Each line of the entries, from the first to the line containing "om = (\<Sum>j\<le>k.", is to be transcribed exactly as it stands; include no other lines.
──────── Source data
definition star :: "nat \<Rightarrow> 'a::comm_ring_1 mpoly \<Rightarrow> ((nat \<Rightarrow>\<^sub>0 nat) \<Rightarrow> 'a) \<Rightarrow> ((nat \<Rightarrow>\<^sub>0 nat) \<Rightarrow> 'a)" where
  "star n p \<phi> = (\<lambda>\<beta>. if Poly_Mapping.keys \<beta> \<subseteq> {1..n} then dual_app \<phi> (p * Poly_Mapping.single \<beta> 1) else 0)"

definition omega_dlx :: "nat \<Rightarrow> nat \<Rightarrow> (nat \<Rightarrow> 'a::field_char_0 mpoly) \<Rightarrow> 'a mpoly" where
  "omega_dlx d k om = (\<Sum>j\<le>k. Const (fact (d - j) / fact d) * om j)"

definition I_xi :: "nat \<Rightarrow> nat \<Rightarrow> nat \<Rightarrow> (nat \<Rightarrow> 'a::field_char_0 mpoly) \<Rightarrow> (nat \<Rightarrow> 'a) \<Rightarrow> 'a mpoly set" where
  "I_xi n d k om \<xi> = {p. in_R n p \<and>
     star n p (functional_of_ser (ser_mult (ser_of_poly (omega_dlx d k om)) (exp_ser n \<xi>))) = (\<lambda>_. 0)}"

text \<open>Nil-index of A = R/I, written out in R: (a - a(xi))^N = 0 in R/I means
  (p - p(xi))^N \<in> I for a representative p \<in> R.\<close>
definition nil_prop :: "nat \<Rightarrow> 'a::comm_ring_1 mpoly set \<Rightarrow> (nat \<Rightarrow> 'a) \<Rightarrow> nat \<Rightarrow> bool" where
  "nil_prop n I \<xi> N \<longleftrightarrow> (\<forall>p. in_R n p \<longrightarrow> (p - Const (eval p \<xi>)) ^ N \<in> I)"

definition is_nil_index :: "nat \<Rightarrow> 'a::comm_ring_1 mpoly set \<Rightarrow> (nat \<Rightarrow> 'a) \<Rightarrow> nat \<Rightarrow> bool" where
  "is_nil_index n I \<xi> N \<longleftrightarrow> nil_prop n I \<xi> N \<and> (\<forall>M<N. \<not> nil_prop n I \<xi> M)"

end

theory Submission
  imports Defs "HOL-Computational_Algebra.Polynomial"
begin

text \<open>Write \<open>f = \<omega>\<^sup>d\<^sup>,\<^sup>\<ell>\<^sup>,\<^sup>x\<close> and \<open>\<phi>\<close> for the functional \<open>f(\<bold>z) e\<^sub>\<xi>(\<bold>z)\<close>. On \<open>R\<close> it acts as
  \<open>\<phi>(q) = \<Sum>\<^sub>\<gamma> f\<^sub>\<gamma> (\<partial>\<^sup>\<gamma> q)(\<xi>)\<close>, and \<open>f\<close> has degree \<open>k\<close> with degree-\<open>k\<close> part \<open>(d-k)!/d! \<omega>\<^sub>k\<close>.
  So \<open>p \<in> I\<^sub>\<xi>\<close> as soon as every \<open>p r\<close> (\<open>r \<in> R\<close>) vanishes to order \<open>k+1\<close> at \<open>\<xi>\<close>, which is the
  case for \<open>p = (q - q(\<xi>))\<^sup>k\<^sup>+\<^sup>1\<close>. Conversely \<open>\<omega>\<^sub>k \<noteq> 0\<close> because \<open>\<ell>\<close> does not divide \<open>\<omega>\<close>, so
  \<open>\<omega>\<^sub>k(a) \<noteq> 0\<close> for some \<open>a\<close>; for the linear form \<open>L = \<Sum> a\<^sub>i x\<^sub>i\<close> one gets
  \<open>\<phi>((L - L(\<xi>))\<^sup>k) = k! (d-k)!/d! \<omega>\<^sub>k(a) \<noteq> 0\<close>, hence \<open>(L - L(\<xi>))\<^sup>M \<notin> I\<^sub>\<xi>\<close> for \<open>M \<le> k\<close>.\<close>

abbreviation lookup where "lookup \<equiv> Poly_Mapping.lookup"
abbreviation keys where "keys \<equiv> Poly_Mapping.keys"
abbreviation single where "single \<equiv> Poly_Mapping.single"

definition lin_extend :: "('k \<Rightarrow> 'a::zero \<Rightarrow> 'b::comm_monoid_add) \<Rightarrow> ('k \<Rightarrow>\<^sub>0 'a) \<Rightarrow> 'b" where
  "lin_extend h p = (\<Sum>k\<in>keys p. h k (lookup p k))"

lemma lin_extend_superset:
  assumes "finite S" "keys p \<subseteq> S" "\<And>k. h k 0 = 0"
  shows "lin_extend h p = (\<Sum>k\<in>S. h k (lookup p k))"
  unfolding lin_extend_def
  by (rule sum.mono_neutral_left) (use assms in \<open>auto simp: in_keys_iff\<close>)

lemma lin_extend_add:
  fixes h :: "'k \<Rightarrow> 'a::monoid_add \<Rightarrow> 'b::comm_monoid_add"
  assumes "\<And>k x y. h k (x + y) = h k x + h k y" "\<And>k. h k 0 = 0"
  shows "lin_extend h (p + q) = lin_extend h p + lin_extend h q"
proof -
  let ?S = "keys p \<union> keys q"
  have "lin_extend h (p + q) = (\<Sum>k\<in>?S. h k (lookup (p + q) k))"
    by (rule lin_extend_superset) (use assms keys_add[of p q] in auto)
  also have "\<dots> = (\<Sum>k\<in>?S. h k (lookup p k)) + (\<Sum>k\<in>?S. h k (lookup q k))"
    by (simp add: lookup_add assms sum.distrib)
  also have "\<dots> = lin_extend h p + lin_extend h q"
    by (subst (1 2) lin_extend_superset[where S = ?S]) (use assms in auto)
  finally show ?thesis .
qed

lemma lin_extend_single:
  assumes "\<And>k. h k 0 = 0"
  shows "lin_extend h (single k c) = h k c"
  using assms by (cases "c = 0") (auto simp: lin_extend_def)

lemma poly_mapping_sum_single: "p = (\<Sum>k\<in>keys p. single k (lookup p k))"
proof (rule poly_mapping_eqI)
  fix x
  show "lookup p x = lookup (\<Sum>k\<in>keys p. single k (lookup p k)) x"
    by (cases "x \<in> keys p") (auto simp: lookup_sum lookup_single when_def in_keys_iff)
qed

lemma additive_sum:
  fixes F :: "'x::comm_monoid_add \<Rightarrow> 'b::ab_group_add"
  assumes "\<And>p q. F (p + q) = F p + F q"
  shows "F (\<Sum>i\<in>I. g i) = (\<Sum>i\<in>I. F (g i))"
  using sum_comp_morphism[of F g I] assms[of 0 0] by (simp add: assms comp_def)

lemma additive_poly_mapping_eq_on:
  fixes F G :: "('k \<Rightarrow>\<^sub>0 'a::comm_monoid_add) \<Rightarrow> 'b::ab_group_add"
  assumes "\<And>p q. F (p + q) = F p + F q" "\<And>p q. G (p + q) = G p + G q"
    and "\<And>k c. P k \<Longrightarrow> F (single k c) = G (single k c)"
    and "\<forall>k\<in>keys p. P k"
  shows "F p = G p"
proof -
  have "F p = (\<Sum>k\<in>keys p. F (single k (lookup p k)))"
    by (subst poly_mapping_sum_single) (rule additive_sum, rule assms)
  also have "\<dots> = (\<Sum>k\<in>keys p. G (single k (lookup p k)))"
    using assms(3,4) by simp
  also have "\<dots> = G p"
    by (subst (2) poly_mapping_sum_single) (rule additive_sum[symmetric], rule assms)
  finally show ?thesis .
qed

lemma additive_poly_mapping_eq:
  fixes F G :: "('k \<Rightarrow>\<^sub>0 'a::comm_monoid_add) \<Rightarrow> 'b::ab_group_add"
  assumes "\<And>p q. F (p + q) = F p + F q" "\<And>p q. G (p + q) = G p + G q"
    and "\<And>k c. F (single k c) = G (single k c)"
  shows "F p = G p"
  using additive_poly_mapping_eq_on[where P = "\<lambda>_. True"] assms by blast

lemma biadditive_poly_mapping_eq:
  fixes F G :: "('k \<Rightarrow>\<^sub>0 'a::comm_monoid_add) \<Rightarrow> ('k \<Rightarrow>\<^sub>0 'a) \<Rightarrow> 'b::ab_group_add"
  assumes "\<And>p q r. F (p + q) r = F p r + F q r" "\<And>p q r. G (p + q) r = G p r + G q r"
    and "\<And>p q r. F r (p + q) = F r p + F r q" "\<And>p q r. G r (p + q) = G r p + G r q"
    and "\<And>k c l e. F (single k c) (single l e) = G (single k c) (single l e)"
  shows "F p q = G p q"
proof -
  have "F (single k c) q = G (single k c) q" for k c
    by (rule additive_poly_mapping_eq[where F = "F (single k c)"]) (use assms(3-5) in auto)
  then show ?thesis
    using additive_poly_mapping_eq[where F = "\<lambda>p. F p q" and G = "\<lambda>p. G p q"] assms(1,2)
    by blast
qed

lemma keys_diff_nat: "keys (\<alpha> - \<beta> :: nat \<Rightarrow>\<^sub>0 nat) \<subseteq> keys \<alpha>"
  by (auto simp: in_keys_iff lookup_minus)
────────────────
Task result —
definition star :: "nat \<Rightarrow> 'a::comm_ring_1 mpoly \<Rightarrow> ((nat \<Rightarrow>\<^sub>0 nat) \<Rightarrow> 'a) \<Rightarrow> ((nat \<Rightarrow>\<^sub>0 nat) \<Rightarrow> 'a)" where
  "star n p \<phi> = (\<lambda>\<beta>. if Poly_Mapping.keys \<beta> \<subseteq> {1..n} then dual_app \<phi> (p * Poly_Mapping.single \<beta> 1) else 0)"

definition omega_dlx :: "nat \<Rightarrow> nat \<Rightarrow> (nat \<Rightarrow> 'a::field_char_0 mpoly) \<Rightarrow> 'a mpoly" where
  "omega_dlx d k om = (\<Sum>j\<le>k. Const (fact (d - j) / fact d) * om j)"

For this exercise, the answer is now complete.